Utilizing standard data parameters greatly increases the efficiency of the intercompany accounting and reconciliation process, by eliminating or reducing the need to search and find data pertaining to intercompany transactions.
This process is often referred to as master data management. The term describes the process by which a business takes steps throughout the enterprise to ensure the uniformity, accuracy, and consistency of its data.
Much of a business’s financial activity takes place between and within subsidiaries or divisions of the same parent company. This has become even more commonplace in today’s global economy.
Journal entries of intercompany transactions are an important step in the business accounting process. They allow the business to record and evaluate all manner of financial activity thoroughly and accurately.
An effective intercompany accounting process helps the business avoid double entries in more than one of its subsidiaries or divisions. It allows the company to evaluate the full monetary value of its transactions, to provide accurate financial statements, and to avoid disputes.
Intercompany accounting helps businesses with multiple divisions and subsidiaries prepare accurate consolidated financial statements, to provide a clear and transparent picture of its financial health, and avoid disputes.

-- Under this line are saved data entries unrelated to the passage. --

(* Fix $b>0$. There exists $C=C(b)>0$ such that for all $x,y\in\mathbb Z_{\ge0}$ and all integers $N\ge n\ge1$, $$\mathfrak p^N_n(x,y)\le\frac{C}{\sqrt{n+1}}\,e^{-b|x-y|/\sqrt n}.$$
   Context: Let $p_n(z)$ be the probability that simple symmetric random walk on $\mathbb Z$ started at $0$ is at $z$ at time $n$. For $x,y\in\mathbb Z_{\ge0}$ set $p^{(1/2)}_n(x,y)=p_n(x-y)-p_n(x+y+2)$, $\psi(x;n)=\sum_{y\ge0}p^{(1/2)}_n(x,y)$, and for $0\le n\le N$, $\mathfrak p^N_n(x,y)=p^{(1/2)}_n(x,y)\,\psi(y;N-n)/\psi(x;N)$. *)

theory Defs
  imports "HOL-Analysis.Analysis"
begin

text \<open>Probability that simple symmetric random walk on the integers started at 0
  is at z at time n.\<close>
definition srw_p :: "nat \<Rightarrow> int \<Rightarrow> real" where
  "srw_p n z = (if \<bar>z\<bar> \<le> int n \<and> even (int n + z)
                then real (n choose nat ((int n + z) div 2)) / 2 ^ n else 0)"

text \<open>Killed kernel p^(1/2)_n(x,y) = p_n(x-y) - p_n(x+y+2) on nonnegative integers.\<close>
definition p_half :: "nat \<Rightarrow> nat \<Rightarrow> nat \<Rightarrow> real" where
  "p_half n x y = srw_p n (int x - int y) - srw_p n (int x + int y + 2)"

definition psi :: "nat \<Rightarrow> nat \<Rightarrow> real" where
  "psi x n = (\<Sum>\<^sub>\<infinity>y\<in>(UNIV::nat set). p_half n x y)"

definition pfrak :: "nat \<Rightarrow> nat \<Rightarrow> nat \<Rightarrow> nat \<Rightarrow> real" where
  "pfrak N n x y = p_half n x y * psi y (N - n) / psi x N"

end

theory Submission
  imports Defs
begin

text \<open>
  Comparing consecutive binomial coefficients with \<open>1 - t \<le> exp (- t)\<close>, and the central one with
  Wallis-type bounds, gives the Gaussian bound \<open>p\<^sub>n(z) \<le> 2/\<surd>(n+1) \<cdot> exp (-z\<^sup>2/(8(n+1)))\<close>;
  telescoping \<open>p\<^sub>n(x-y) - p\<^sub>n(x+y+2)\<close> in steps of two adds the boundary factor
  \<open>(min x y + 1)(x + y + 1)/(n + 1)\<close>. By reflection, \<open>\<psi>(x;N)\<close> is the free probability of the
  window \<open>[-x-1, x]\<close>, hence of order \<open>min 1 ((x+1)/\<surd>N)\<close>. Since one of \<open>n\<close>, \<open>N - n\<close> is at
  least a quarter of \<open>N + 1\<close>, the ratio \<open>\<psi>(y;N-n)/\<psi>(x;N)\<close> is controlled by the boundary factor,
  giving \<open>\<pp>\<^sup>N\<^sub>n(x,y) \<le> C (4+u)\<^sup>2 exp (-u\<^sup>2/8)/\<surd>(n+1)\<close> with \<open>u = |x-y|/\<surd>(n+1)\<close>; completing
  the square absorbs the polynomial factor into \<open>exp (-2bu)\<close>.
\<close>

subsection \<open>Free walk probabilities\<close>

lemma srw_p_nonneg: "srw_p n z \<ge> 0"
  by (simp add: srw_p_def)

lemma srw_p_binomial: "srw_p n (2 * int k - int n) = real (n choose k) / 2 ^ n"
proof (cases "k \<le> n")
  case True
  have "nat ((int n + (2 * int k - int n)) div 2) = k" by simp
  then show ?thesis using True by (simp add: srw_p_def)
qed (simp add: srw_p_def binomial_eq_0)

lemma srw_p_eq_0_odd: "odd (int n + z) \<Longrightarrow> srw_p n z = 0"
  by (simp add: srw_p_def)

lemma srw_p_eq_0_far: "\<bar>z\<bar> > int n \<Longrightarrow> srw_p n z = 0"
  by (simp add: srw_p_def)

lemma srw_p_cases:
  obtains k where "z = 2 * int k - int n" | "srw_p n z = 0"
proof (cases "even (int n + z)")
  case True
  then obtain t where t: "int n + z = 2 * t" by (metis dvd_def)
  show ?thesis
  proof (cases "t \<ge> 0")
    case True
    then have "z = 2 * int (nat t) - int n" using t by simp
    then show ?thesis using that by blast
  next
    case False
    then have "\<bar>z\<bar> > int n" using t by auto
    then show ?thesis using that srw_p_eq_0_far by blast
  qed
qed (use that srw_p_eq_0_odd in blast)

lemma srw_p_minus: "srw_p n (- z) = srw_p n z"
proof (cases "\<bar>z\<bar> \<le> int n \<and> even (int n + z)")
  case True
  then obtain t where t: "int n + z = 2 * t" by (metis dvd_def)
  define k where "k = nat t"
  have z: "z = 2 * int k - int n" and kn: "k \<le> n" using True t by (auto simp: k_def)
  have "- z = 2 * int (n - k) - int n" using z kn by simp
  then show ?thesis using z kn by (simp only: srw_p_binomial binomial_symmetric[OF kn, symmetric])
next
  case False
  then have "\<not> (\<bar>- z\<bar> \<le> int n \<and> even (int n + - z))"
    by (metis abs_minus_cancel even_add even_minus)
  then show ?thesis using False by (simp only: srw_p_def if_False)
qed

lemma real_Suc_times_binomial_Suc:
  "real (Suc k) * real (n choose Suc k) = (real n - real k) * real (n choose k)"
proof (cases "k \<le> n")
  case True
  have "Suc k * (n choose Suc k) = (n - k) * (n choose k)"
    by (metis binomial_absorb_comp binomial_absorption)
  then show ?thesis using True by (metis of_nat_diff of_nat_mult)
qed (simp add: binomial_eq_0)

lemma srw_p_Suc_ratio:
  "srw_p n (2 * int (Suc k) - int n) * real (Suc k) = srw_p n (2 * int k - int n) * (real n - real k)"
  using real_Suc_times_binomial_Suc[of k n] by (simp only: srw_p_binomial) (simp add: field_simps)

lemma srw_p_add_2_ratio:
  assumes "z \<ge> 0"
  shows "srw_p n (z + 2) * (real n + real_of_int z + 2) = srw_p n z * (real n - real_of_int z)"
proof (cases z n rule: srw_p_cases)
  case (1 k)
  have "z + 2 = 2 * int (Suc k) - int n" using 1 by simp
  then have "srw_p n (z + 2) * real (Suc k) = srw_p n z * (real n - real k)"
    using srw_p_Suc_ratio[of n k] 1 by (simp only:)
  moreover have "real n + real_of_int z + 2 = 2 * real (Suc k)" "real n - real_of_int z = 2 * (real n - real k)"
    using 1 by simp_all
  ultimately show ?thesis by (metis mult.left_commute)
next
  case 2
  have "srw_p n (z + 2) = 0"
  proof (cases "odd (int n + z)")
    case False
    then have "\<bar>z\<bar> > int n" using 2 by (auto simp: srw_p_def split: if_splits)
    then show ?thesis using assms by (intro srw_p_eq_0_far) simp
  qed (simp add: srw_p_eq_0_odd)
  then show ?thesis using 2 by simp
qed

subsection \<open>The central probability\<close>

definition central_binomial_prob :: "nat \<Rightarrow> real" where
  "central_binomial_prob m = real ((2 * m) choose m) / 4 ^ m"

lemma central_binomial_Suc: "(2 * Suc m choose Suc m) = 2 * (Suc (2 * m) choose m)"
proof -
  have "(Suc (2 * m) choose Suc m) = (Suc (2 * m) choose m)"
    using binomial_symmetric[of m "Suc (2 * m)"] by simp
  moreover have "2 * Suc m = Suc (Suc (2 * m))" by simp
  ultimately show ?thesis by (simp only: binomial_Suc_Suc)
qed

lemma central_binomial_prob_Suc:
  "central_binomial_prob (Suc m) * (2 * real m + 2) = central_binomial_prob m * (2 * real m + 1)"
proof -
  have "Suc m * (Suc (2 * m) choose m) = Suc (2 * m) * ((2 * m) choose m)"
    using Suc_times_binomial binomial_symmetric[of m "Suc (2 * m)"] by simp
  then have "real (Suc m * (Suc (2 * m) choose m)) = real (Suc (2 * m) * ((2 * m) choose m))"
    by (simp only:)
  then have "(real m + 1) * real (Suc (2 * m) choose m) = (2 * real m + 1) * real ((2 * m) choose m)"
    by (simp add: algebra_simps)
  moreover have "central_binomial_prob (Suc m) * (2 * real m + 2) = (real m + 1) * real (Suc (2 * m) choose m) / 4 ^ m"
    unfolding central_binomial_prob_def central_binomial_Suc by (simp add: field_simps)
  ultimately show ?thesis by (simp add: central_binomial_prob_def)
qed

lemma central_binomial_prob_sq_le: "central_binomial_prob m ^ 2 * (2 * real m + 1) \<le> 1"
proof (induction m)
  case 0
  then show ?case by (simp add: central_binomial_prob_def)
next
  case (Suc m)
  define f where "f = (2 * real m + 1) * (2 * real m + 3) / (2 * real m + 2)\<^sup>2"
  have c: "central_binomial_prob (Suc m) = central_binomial_prob m * (2 * real m + 1) / (2 * real m + 2)"
    using central_binomial_prob_Suc[of m] by (simp add: field_simps)
  have "central_binomial_prob (Suc m) ^ 2 * (2 * real (Suc m) + 1)
      = central_binomial_prob m ^ 2 * (2 * real m + 1)\<^sup>2 / (2 * real m + 2)\<^sup>2 * (2 * real m + 3)"
    unfolding c by (simp add: power_mult_distrib power_divide)
  also have "\<dots> = (central_binomial_prob m ^ 2 * (2 * real m + 1)) * f"
    by (simp add: f_def power2_eq_square)
  also have "\<dots> \<le> 1 * 1"
  proof (rule mult_mono)
    have "(2 * real m + 1) * (2 * real m + 3) \<le> (2 * real m + 2)\<^sup>2"
      by (simp add: power2_eq_square algebra_simps)
    then show "f \<le> 1" unfolding f_def by (subst divide_le_eq_1_pos) auto
  qed (use Suc in \<open>auto simp: f_def\<close>)
  finally show ?case by simp
qed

Without thorough and accurate intercompany accounting, companies leave themselves vulnerable. Businesses will not be able to properly reconcile transactions that take place between entities or to accurately assess profits and losses. This undermines the ability of the parent company to prepare accurate consolidated financial statements. The role and contribution of each entity to the parent company’s overall performance and financial health cannot be accurately ascertained. Inadequate intercompany accounting can also lead to financial disputes between entities under the same parent company.
Intercompany transactions can artificially inflate profits and liabilities in the business. Intercompany accounting operates on the principle that only transactions with outside entities can create a profit or a liability. Therefore, all intercompany transactions must cancel out to zero in the business accounting records.

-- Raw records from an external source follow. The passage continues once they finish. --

(* Let $b>0$. Then there exists $h_0\in(0,1)$ such that for all $h\in(0,h_0)$, \[ \mu_1(h,b)\le -h-\frac12h^{3/2}. \]
   Context: Let $\Omega=\{x\in\mathbb R^2:|x|<1\}$, $\mathbf A_0(x_1,x_2)=\frac12(-x_2,x_1)$. For $h>0$ and $b>0$ let \[ \mu_1(h,b)=\inf_{u\in H^1(\Omega),\,u\ne0}\frac{h^2\int_\Omega|(\nabla-ib\mathbf A_0)u|^2\,dx-h^{3/2}\int_{\partial\Omega}|u|^2\,ds}{\|u\|^2_{L^2(\Omega)}}, \] the lowest eigenvalue of the associated self-adjoint operator $\mathcal L_h^b=-(h\nabla-ibh\mathbf A_0)^2$ with the corresponding Robin boundary condition. (Equivalently $\mu_1(h,b)=h^2\lambda_1(b,-h^{-1/2})$.) *)

theory Defs
  imports "HOL-Analysis.Analysis" "HOL-Library.Extended_Real"
begin

(* The plane R^2 is modelled by the type complex: x = (Re z, Im z).
   Omega = ball 0 1 (open unit disk), boundary = unit circle parametrised by cis t, ds = dt. *)

definition pd1 :: "(complex \<Rightarrow> complex) \<Rightarrow> complex \<Rightarrow> complex" where
  "pd1 u z = frechet_derivative u (at z) 1"

definition pd2 :: "(complex \<Rightarrow> complex) \<Rightarrow> complex \<Rightarrow> complex" where
  "pd2 u z = frechet_derivative u (at z) \<i>"

(* |(\<nabla> - i b A0) u|^2 with A0(x1,x2) = (-x2/2, x1/2) *)
definition mag_grad_sq :: "real \<Rightarrow> (complex \<Rightarrow> complex) \<Rightarrow> complex \<Rightarrow> real" where
  "mag_grad_sq b u z =
     (cmod (pd1 u z - \<i> * of_real b * of_real (- Im z / 2) * u z))\<^sup>2
   + (cmod (pd2 u z - \<i> * of_real b * of_real (Re z / 2) * u z))\<^sup>2"

(* admissible trial functions: C^1 on an open neighbourhood of the closed unit disk,
   not identically zero on the disk (dense in H^1(Omega)) *)
definition admissible :: "(complex \<Rightarrow> complex) \<Rightarrow> bool" where
  "admissible u \<longleftrightarrow>
     (\<exists>S. open S \<and> cball 0 1 \<subseteq> S \<and> (\<forall>z\<in>S. u differentiable (at z))
          \<and> continuous_on S (pd1 u) \<and> continuous_on S (pd2 u))
     \<and> (\<exists>z\<in>ball 0 1. u z \<noteq> 0)"

definition rayleigh :: "real \<Rightarrow> real \<Rightarrow> (complex \<Rightarrow> complex) \<Rightarrow> real" where
  "rayleigh h b u =
     (h\<^sup>2 * (LINT z:ball 0 1|lborel. mag_grad_sq b u z)
      - h powr (3/2) * (LBINT t=0..2*pi. (cmod (u (cis t)))\<^sup>2))
     / (LINT z:ball 0 1|lborel. (cmod (u z))\<^sup>2)"

(* lowest eigenvalue mu_1(h,b) as infimum of the Rayleigh quotient (in the extended reals) *)
definition mu1 :: "real \<Rightarrow> real \<Rightarrow> ereal" where
  "mu1 h b = (INF u \<in> {u. admissible u}. ereal (rayleigh h b u))"

end

theory Submission
  imports Defs
begin

(* Test the Rayleigh quotient with the real radial function u(x) = exp (s (|x|^2 - 1) / 2),
   s = h^(-1/2), which lives in a layer of width about h^(1/2) along the boundary.
   Because u is real and A0 is tangential there is no cross term:
   |(grad - i b A0) u|^2 = (s^2 + b^2/4) |x|^2 |u|^2.  The substitution t = |x|^2 maps
   Lebesgue measure on the disk to pi dt on [0,1], so the bulk integrals become elementary
   integrals of exp (s (t - 1)) and t exp (s (t - 1)), while u = 1 on the boundary.
   The quotient is -h - h^(3/2) + O(h^2), and it is at most -h - h^(3/2)/2 as soon as
   h^(-1/2) >= max 1 b^2. *)

lemma emeasure_ball_inter_norm_sq_greater:
  fixes r x :: real
  assumes "0 \<le> r"
  shows "emeasure lborel (ball (0::complex) r \<inter> {z. x < (cmod z)\<^sup>2})
           = ennreal pi * emeasure lborel ({0..r\<^sup>2} \<inter> {x<..})"
proof -
  consider "x < 0" | "0 \<le> x" "x < r\<^sup>2" | "r\<^sup>2 \<le> x" by linarith
  then show ?thesis
  proof cases
    case 1
    then have "ball 0 r \<inter> {z::complex. x < (cmod z)\<^sup>2} = ball 0 r"
      by (auto intro: less_le_trans)
    moreover have "{0..r\<^sup>2} \<inter> {x<..} = {0..r\<^sup>2}" using 1 by auto
    ultimately show ?thesis
      using assms by (simp add: emeasure_ball unit_ball_vol_2 ennreal_mult' mult.commute)
  next
    case 2
    have sqrt_x: "sqrt x < r" using 2 assms real_sqrt_less_mono[of x "r\<^sup>2"] by simp
    have "cmod z \<le> sqrt x \<longleftrightarrow> (cmod z)\<^sup>2 \<le> x" for z :: complex
      using real_sqrt_le_iff[of "(cmod z)\<^sup>2" x] by simp
    then have "ball 0 r \<inter> {z::complex. x < (cmod z)\<^sup>2} = ball 0 r - cball 0 (sqrt x)"
      by auto
    also have "emeasure lborel \<dots> = ennreal (pi * r\<^sup>2) - ennreal (pi * x)"
      using 2 sqrt_x assms
      by (subst emeasure_Diff) (auto simp: emeasure_ball emeasure_cball unit_ball_vol_2)
    also have "\<dots> = ennreal pi * ennreal (r\<^sup>2 - x)"
      using 2 by (subst ennreal_minus) (auto simp: right_diff_distrib[symmetric] ennreal_mult)
    also have "ennreal (r\<^sup>2 - x) = emeasure lborel ({0..r\<^sup>2} \<inter> {x<..})"
      using 2 by (subgoal_tac "{0..r\<^sup>2} \<inter> {x<..} = {x<..r\<^sup>2}") auto
    finally show ?thesis .
  next
    case 3
    then have "ball 0 r \<inter> {z::complex. x < (cmod z)\<^sup>2} = {}"
      using assms by (auto dest!: power_strict_mono[of _ r 2])
    moreover have "{0..r\<^sup>2} \<inter> {x<..} = {}" using 3 by auto
    ultimately show ?thesis by simp
  qed
qed

lemma distr_ball_norm_sq:
  fixes r :: real
  assumes "0 \<le> r"
  shows "distr (density lborel (indicator (ball (0::complex) r))) borel (\<lambda>z. (cmod z)\<^sup>2)
           = density lborel (\<lambda>t. ennreal (pi * indicator {0..r\<^sup>2} t))"
    (is "?D = ?N")
proof (rule measure_eqI_lessThan)
  fix x :: real
  have D: "emeasure ?D {x<..} = emeasure lborel (ball 0 r \<inter> {z::complex. x < (cmod z)\<^sup>2})"
    by (subst emeasure_distr) (auto simp: emeasure_restricted vimage_def)
  have N: "emeasure ?N {x<..} = ennreal pi * emeasure lborel ({0..r\<^sup>2} \<inter> {x<..})"
  proof -
    have "emeasure ?N {x<..} = (\<integral>\<^sup>+t. ennreal pi * indicator ({0..r\<^sup>2} \<inter> {x<..}) t \<partial>lborel)"
      by (subst emeasure_density) (auto intro!: nn_integral_cong split: split_indicator)
    then show ?thesis by (simp add: nn_integral_cmult_indicator)
  qed
  show "emeasure ?D {x<..} = emeasure ?N {x<..}"
    unfolding D N using assms by (rule emeasure_ball_inter_norm_sq_greater)
  have "emeasure lborel ({0..r\<^sup>2} \<inter> {x<..}) \<le> emeasure lborel {0..r\<^sup>2}"
    by (rule emeasure_mono) auto
  then show "emeasure ?D {x<..} < \<infinity>"
    unfolding D emeasure_ball_inter_norm_sq_greater[OF assms]
    by (simp add: ennreal_mult_less_top top.not_eq_extremum le_less_trans)
qed simp_all

lemma integral_ball_norm_sq:
  fixes f :: "real \<Rightarrow> real" and r :: real
  assumes [measurable]: "f \<in> borel_measurable borel" and "0 \<le> r"
  shows "(LINT z:ball (0::complex) r|lborel. f ((cmod z)\<^sup>2)) = pi * (LINT t:{0..r\<^sup>2}|lborel. f t)"
proof -
  have restrict: "density lborel (indicator (ball (0::complex) r))
                    = density lborel (\<lambda>z. ennreal (indicator (ball 0 r) z))"
    by (auto intro!: arg_cong[where f = "density lborel"] split: split_indicator)
  have "(LINT z:ball (0::complex) r|lborel. f ((cmod z)\<^sup>2))
      = integral\<^sup>L (density lborel (indicator (ball (0::complex) r))) (\<lambda>z. f ((cmod z)\<^sup>2))"
    unfolding set_lebesgue_integral_def restrict
    by (subst integral_density) (auto intro: borel_measurable_indicator)
  also have "\<dots> = integral\<^sup>L (distr (density lborel (indicator (ball (0::complex) r))) borel (\<lambda>z. (cmod z)\<^sup>2)) f"
    by (subst integral_distr) auto
  also have "\<dots> = integral\<^sup>L lborel (\<lambda>t. (pi * indicator {0..r\<^sup>2} t) *\<^sub>R f t)"
    unfolding distr_ball_norm_sq[OF assms(2)]
    by (subst integral_density) auto
  also have "\<dots> = pi * (LINT t:{0..r\<^sup>2}|lborel. f t)"
    unfolding set_lebesgue_integral_def by (simp add: mult.assoc)
  finally show ?thesis .
qed

lemma set_integral_Icc_FTC_real:
  fixes f F :: "real \<Rightarrow> real"
  assumes "a \<le> b"
    and "\<And>x. a \<le> x \<Longrightarrow> x \<le> b \<Longrightarrow> (F has_real_derivative f x) (at x)"
    and "continuous_on {a..b} f"
  shows "(LINT x:{a..b}|lborel. f x) = F b - F a"
  unfolding set_lebesgue_integral_def
  by (rule integral_FTC_atLeastAtMost)
     (use assms in \<open>auto simp: has_real_derivative_iff_has_vector_derivative[symmetric]
                     intro: has_field_derivative_at_within\<close>)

For example, if a subsidiary purchases supplies from another, it will record a $1000 transaction in its purchase account. At the same time, the entity that sold the supplies will record the transaction for the same amount in its sales account.
Intercompany reconciliation will make sure that these two transactions are properly recorded in the ledgers for both subsidiaries, and that they ultimately cancel out, or equal zero, and do not appear in the consolidated financial statement for the parent business.
Intercompany transactions can include a number of different kinds of financial activity. Related units can buy and sell goods or services, just like they do with outside customers. They can also exchange other resources, such as fees, inventory, cash, capital, dividends, raw materials, parts, staff, and loans. Any of these types of transactions require documentation.